Demagoguing contraception

Pro-abortion advocates are claiming that what pro-lifers and Republicans in general really want is to outlaw birth control.  As evidence they are citing Rick Santorum’s stated belief as a Roman Catholic that he does not believe in contraception (even though he underscored that he is not trying to make it illegal), efforts to cut federal funding for Planned Parenthood (for its abortion clinics), and proposals to allow Catholic organizations to have a “conscience clause” so they won’t have to provide health insurance that includes contraception coverage.

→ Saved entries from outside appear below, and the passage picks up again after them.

(* Let $\Gamma$ be a discrete group, $\widetilde{\Gamma}=\Gamma\times\Gamma^{\rm op}$, acting on $\Gamma$ by $(g_1,g_2)\cdot y=g_1yg_2$. Let $\widetilde{\Gamma}_1\subseteq\widetilde{\Gamma}$ be the intersection of the stabilizers of an infinite family of distinct elements $(x_n)_n$ of $\Gamma$, assume $\widetilde{\Gamma}_1$ is non-trivial, and fix $x$ in the family $(x_n)_n$. Then: (1) there is a subgroup $\Gamma_1$ of $\Gamma$, depending only on $\widetilde{\Gamma}_1$ and not on the choice of $x$, such that $\widetilde{\Gamma}_1=\{(\gamma_1,x^{-1}\gamma_1^{-1}x)\mid\gamma_1\in\Gamma_1\}$; (2) letting $\mathcal M(\widetilde{\Gamma}_1)=\Gamma_1'$ be the centralizer of $\Gamma_1$ in $\Gamma$ and $\widetilde{\mathcal M}(\widetilde{\Gamma}_1)=\{(\gamma_1,\gamma_2)\mid\gamma_1\in\Gamma_1',\ \gamma_2\in x^{-1}\Gamma_1'x\}$, the orbit $\widetilde{\mathcal M}(\widetilde{\Gamma}_1)x=x(x^{-1}\mathcal M(\widetilde{\Gamma}_1)x)=\Gamma_1'x$ is the set of all elements of $\Gamma$ fixed by $\widetilde{\Gamma}_1$; explicitly, for $\gamma_1,\gamma_2\in\Gamma_1'$ and $m\in\Gamma_1'$, $(\gamma_1,x^{-1}\gamma_2x)\cdot(mx)=\gamma_1m\gamma_2x$; (3) if $\widetilde{\mathcal M}(\widetilde{\Gamma}_1^{\alpha})$, $\widetilde{\mathcal M}(\widetilde{\Gamma}_1^{\beta})$ are two subgroups constructed as in (2) from non-trivial groups $\widetilde{\Gamma}_1^\alpha,\widetilde{\Gamma}_1^\beta$ of this type with corresponding points $x_\alpha,x_\beta$ fixed by $\widetilde{\Gamma}_1^\alpha$, $\widetilde{\Gamma}_1^\beta$ respectively, and if $\widetilde{\mathcal M}(\widetilde{\Gamma}_1^{\alpha})x_\alpha\cap\widetilde{\mathcal M}(\widetilde{\Gamma}_1^{\beta})x_\beta$ is non-empty, containing an element $m_\alpha\cdot x_\alpha=m_\beta\cdot x_\beta$ with $m_\alpha\in\widetilde{\mathcal M}(\widetilde{\Gamma}_1^{\alpha})$, $m_\beta\in\widetilde{\mathcal M}(\widetilde{\Gamma}_1^{\beta})$, then $$\widetilde{\mathcal M}(\widetilde{\Gamma}_1^{\alpha})x_\alpha\cap\widetilde{\mathcal M}(\widetilde{\Gamma}_1^{\beta})x_\beta=\big(\widetilde{\mathcal M}(\widetilde{\Gamma}_1^{\alpha})\cap\widetilde{\mathcal M}(\widetilde{\Gamma}_1^{\beta})\big)\cdot(m_\varepsilon\cdot x_\varepsilon),\quad\varepsilon=\alpha,\beta.$$
   Context: $\Gamma^{\rm op}$ is $\Gamma$ with the opposite multiplication, so that $(g_1,g_2)\cdot y=g_1yg_2$ defines a left action of $\Gamma\times\Gamma^{\rm op}$ on $\Gamma$. For a subset $K\subseteq\widetilde{\Gamma}$ and $y\in\Gamma$, $Ky$ denotes $\{k\cdot y\mid k\in K\}$. *)

theory Defs
  imports "HOL-Algebra.Algebra"
begin

text \<open>The group tilde-Gamma = Gamma x Gamma^op is represented by pairs of elements
  of the carrier; it acts on Gamma by (g1,g2).y = g1 y g2.\<close>

definition tact :: "('a, 'b) monoid_scheme \<Rightarrow> 'a \<times> 'a \<Rightarrow> 'a \<Rightarrow> 'a" where
  "tact G g y = fst g \<otimes>\<^bsub>G\<^esub> y \<otimes>\<^bsub>G\<^esub> snd g"

definition tcarrier :: "('a, 'b) monoid_scheme \<Rightarrow> ('a \<times> 'a) set" where
  "tcarrier G = carrier G \<times> carrier G"

definition tone :: "('a, 'b) monoid_scheme \<Rightarrow> 'a \<times> 'a" where
  "tone G = (\<one>\<^bsub>G\<^esub>, \<one>\<^bsub>G\<^esub>)"
text \<open>Conversely, \<open>2\<^bsup>|F|\<^esup>\<close> times the row \<open>(F, e)\<close> is \<open>\<Sum>\<^sub>T\<^sub>\<subseteq>\<^sub>F \<chi>\<^sub>T(e) \<chi>\<^sub>T\<close>, and every \<open>T \<subseteq> F\<close> is a face.\<close>

lemma cx_kernel_if_character_kernel:
  assumes sc: "simplicial_complex n C" and x: "in_int_kernel C (cx_columns n) character x"
  shows "in_int_kernel (cx_rows C) (cx_columns n) cx_entry x"
  unfolding in_int_kernel_def
proof (intro conjI ballI)
  fix r assume "r \<in> cx_rows C"
  then obtain F e where r: "r = (F, e)" "F \<in> C" "e \<in> PiE F (\<lambda>_. {1::nat, 2})"
    by (auto simp: cx_rows_def facets_def)
  have F: "F \<subseteq> {1..n}" "finite F"
    using r(2) sc by (auto simp: simplicial_complex_def intro: finite_subset)
  have indicator: "(\<Sum>T\<in>Pow F. character T i * character T e) = (if restrict i F = e then 2 ^ card F else 0)"
    if "i \<in> cx_columns n" for i
  proof -
    have "(\<forall>k\<in>F. i k = e k) \<longleftrightarrow> restrict i F = e"
      using r(3) by (auto simp: PiE_iff extensional_def restrict_def)
    moreover have "\<forall>k\<in>F. i k \<in> {1, 2}" using that F(1) by (auto simp: cx_columns_def PiE_iff)
    ultimately show ?thesis
      using sum_Pow_character_mult[OF F(2), of i e] r(3) by (simp add: PiE_iff)
  qed
  have "2 ^ card F * (\<Sum>i\<in>cx_columns n. cx_entry r i * x i)
      = (\<Sum>i\<in>cx_columns n. (if restrict i F = e then 2 ^ card F else 0) * x i)"
    unfolding r(1) sum_cx_entry_mult sum_distrib_left sum.inter_filter[OF finite_cx_columns]
    by (rule sum.cong) auto
  also have "\<dots> = (\<Sum>i\<in>cx_columns n. (\<Sum>T\<in>Pow F. character T i * character T e) * x i)"
    by (rule sum.cong) (simp_all add: indicator)
  also have "\<dots> = (\<Sum>T\<in>Pow F. character T e * (\<Sum>i\<in>cx_columns n. character T i * x i))"
    by (simp add: sum_distrib_left sum_distrib_right sum.swap[of _ "Pow F"] algebra_simps)
  also have "\<dots> = 0"
    using x r(2) sc by (intro sum.neutral) (auto simp: in_int_kernel_def simplicial_complex_def)
  finally show "(\<Sum>i\<in>cx_columns n. cx_entry r i * x i) = 0" by simp
qed (use x in \<open>simp add: in_int_kernel_def\<close>)

lemma unimodular_complex_iff_characters:
  assumes "simplicial_complex n C"
  shows "unimodular_complex n C \<longleftrightarrow> unimodular_matrix C (cx_columns n) character"
  unfolding unimodular_complex_def
  using character_kernel_if_cx_kernel[OF assms] cx_kernel_if_character_kernel[OF assms]
  by (intro unimodular_matrix_kernel_cong) blast

lemma simplicial_complex_alexander_dual:
  assumes "simplicial_complex n C"
  shows "simplicial_complex n (alexander_dual n C)"
  using assms unfolding simplicial_complex_def alexander_dual_def
  by auto (metis Diff_mono order_refl)

lemma alexander_dual_eq_image_complement:
  "alexander_dual n C = (\<lambda>T. {1..n} - T) ` (Pow {1..n} - C)"
proof (rule set_eqI)
  fix S
  have "S \<subseteq> {1..n} \<Longrightarrow> S = {1..n} - ({1..n} - S)" by auto
  then show "S \<in> alexander_dual n C \<longleftrightarrow> S \<in> (\<lambda>T. {1..n} - T) ` (Pow {1..n} - C)"
    by (auto simp: alexander_dual_def double_diff)
qed

text \<open>Since \<open>\<chi>\<^sub>T \<chi>\<^sub>[\<^sub>n\<^sub>] = \<chi>\<^sub>[\<^sub>n\<^sub>]\<^sub>-\<^sub>T\<close>, changing the signs of the coordinates by \<open>\<chi>\<^sub>[\<^sub>n\<^sub>]\<close> exchanges
  the character rows of the non-faces of \<open>\<C>\<close> with those of \<open>\<C>\<^sup>*\<close>.\<close>

lemma in_int_kernel_alexander_dual_iff:
  "in_int_kernel (alexander_dual n C) (cx_columns n) character x \<longleftrightarrow>
   in_int_kernel (Pow {1..n} - C) (cx_columns n) character (\<lambda>c. character {1..n} c * x c)"
proof -
  have "(\<Sum>c\<in>cx_columns n. character T c * (character {1..n} c * x c))
      = (\<Sum>c\<in>cx_columns n. character ({1..n} - T) c * x c)" if "T \<subseteq> {1..n}" for T
    using character_mult_complement[OF that] by (simp add: mult.assoc[symmetric])
  moreover have "character {1..n} c * x c = 0 \<longleftrightarrow> x c = 0" for c
    using character_cases[of "{1..n}" c] by auto
  ultimately show ?thesis
    unfolding in_int_kernel_def alexander_dual_eq_image_complement by auto
qed

lemma unimodular_characters_alexander_dual_iff:
  "unimodular_matrix (alexander_dual n C) (cx_columns n) character \<longleftrightarrow>
   unimodular_matrix (Pow {1..n} - C) (cx_columns n) character"
  by (rule unimodular_matrix_sign_twist_iff[OF in_int_kernel_alexander_dual_iff character_mult_self])
text \<open>Morphisms W \<rightarrow> U of StC^n: holomorphic embeddings (biholomorphic onto open image).
  A morphism is represented by a map on C^n; only its values on W matter.\<close>
definition hemb :: "'n::finite cpt set \<Rightarrow> 'n cpt set \<Rightarrow> ('n cpt \<Rightarrow> 'n cpt) \<Rightarrow> bool" where
  "hemb W U f \<longleftrightarrow> stein_open W \<and> stein_open U \<and> holo_map f W \<and> f ` W \<subseteq> U \<and> inj_on f W \<and>
     open (f ` W) \<and> (\<exists>g. holo_map g (f ` W) \<and> (\<forall>x\<in>W. g (f x) = x))"

definition hiso :: "'n::finite cpt set \<Rightarrow> 'n cpt set \<Rightarrow> ('n cpt \<Rightarrow> 'n cpt) \<Rightarrow> bool" where
  "hiso W U f \<longleftrightarrow> hemb W U f \<and>
     (\<exists>g. hemb U W g \<and> (\<forall>x\<in>W. g (f x) = x) \<and> (\<forall>y\<in>U. f (g y) = y))"

definition covering :: "'n::finite cpt set \<Rightarrow> ('n cpt set \<times> ('n cpt \<Rightarrow> 'n cpt)) set \<Rightarrow> bool" where
  "covering U F \<longleftrightarrow> stein_open U \<and> (\<forall>(W, g)\<in>F. hemb W U g) \<and> (\<Union>(W, g)\<in>F. g ` W) = U"

definition basal :: "'n::finite cpt set \<Rightarrow> 'n cpt set \<Rightarrow> ('n cpt \<Rightarrow> 'n cpt) \<Rightarrow> bool" where
  "basal V U f \<longleftrightarrow> (\<exists>F. (V, f) \<in> F \<and> covering U F)"
definition gscale :: "int \<Rightarrow> 'p gamble \<Rightarrow> 'p gamble" where
  "gscale a g = map (\<lambda>(b, f). (a * b, f)) g"

definition gval :: "('p \<Rightarrow> bool) \<Rightarrow> 'p gamble \<Rightarrow> real" where
  "gval v g = (\<Sum>(b, f)\<leftarrow>g. real_of_int b * (if peval v f then 1 else 0))"

text \<open>Valid gamble inequality: holds at every world of every set of worlds with
  truth assignment; the value at a world depends only on its truth assignment.\<close>
definition gamble_le :: "'p gamble \<Rightarrow> 'p gamble \<Rightarrow> bool" where
  "gamble_le g1 g2 = (\<forall>v. gval v g1 \<le> gval v g2)"

text \<open>A term a1 e(g1) + ... + ak e(gk) is the list of pairs (ai, gi).\<close>
type_synonym 'p eterm = "(int \<times> 'p gamble) list"

datatype 'p lfml =
    EIneq "'p eterm" int      \<comment> \<open>a1 e(g1) + ... + ak e(gk) \<ge> b\<close>
  | ENeg "'p lfml"
  | EAnd "'p lfml" "'p lfml"

definition EImp :: "'p lfml \<Rightarrow> 'p lfml \<Rightarrow> 'p lfml" where
  "EImp f g = ENeg (EAnd f (ENeg g))"

definition tneg :: "'p eterm \<Rightarrow> 'p eterm" where
  "tneg t = map (\<lambda>(a, g). (- a, g)) t"

definition tminus :: "'p eterm \<Rightarrow> 'p eterm \<Rightarrow> 'p eterm" where
  "tminus t1 t2 = t1 @ tneg t2"

definition ELe :: "'p eterm \<Rightarrow> int \<Rightarrow> 'p lfml" where
  "ELe t b = EIneq (tneg t) (- b)"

Roman Catholics, as well as other Christians and members of other religions, do not believe in practicing artificial birth control.  But I am not aware of any Catholics, social conservatives, pro-lifers, or Republicans  who are trying to outlaw contraception.

The pro-abortionists, continuing to lose the arguments about the humanity of the unborn child, are resorting to demagoguery, trying to rally women by alarming them with an out-and-out falsehood.

For an example of what I’m talking about, see this column:  Conversation over abortion continues 39 years later – The Washington Post.

Morning after pill update

The Food & Drug administration had decided to make the abortifacient “morning after” pill available over the counter without a prescription.  But now the Health & Human Services Department has over-ruled that decision, keeping the drug by-prescription only:

The federal government Wednesday rejected a request to let young teenage girls buy the controversial morning-after pill Plan B directly off drugstore and supermarket shelves without a prescription.

In a rare public split among federal health officials, the Health and Human Services Department overruled a decision by the Food and Drug Administration to make the drug available to anyone of any age without a restriction.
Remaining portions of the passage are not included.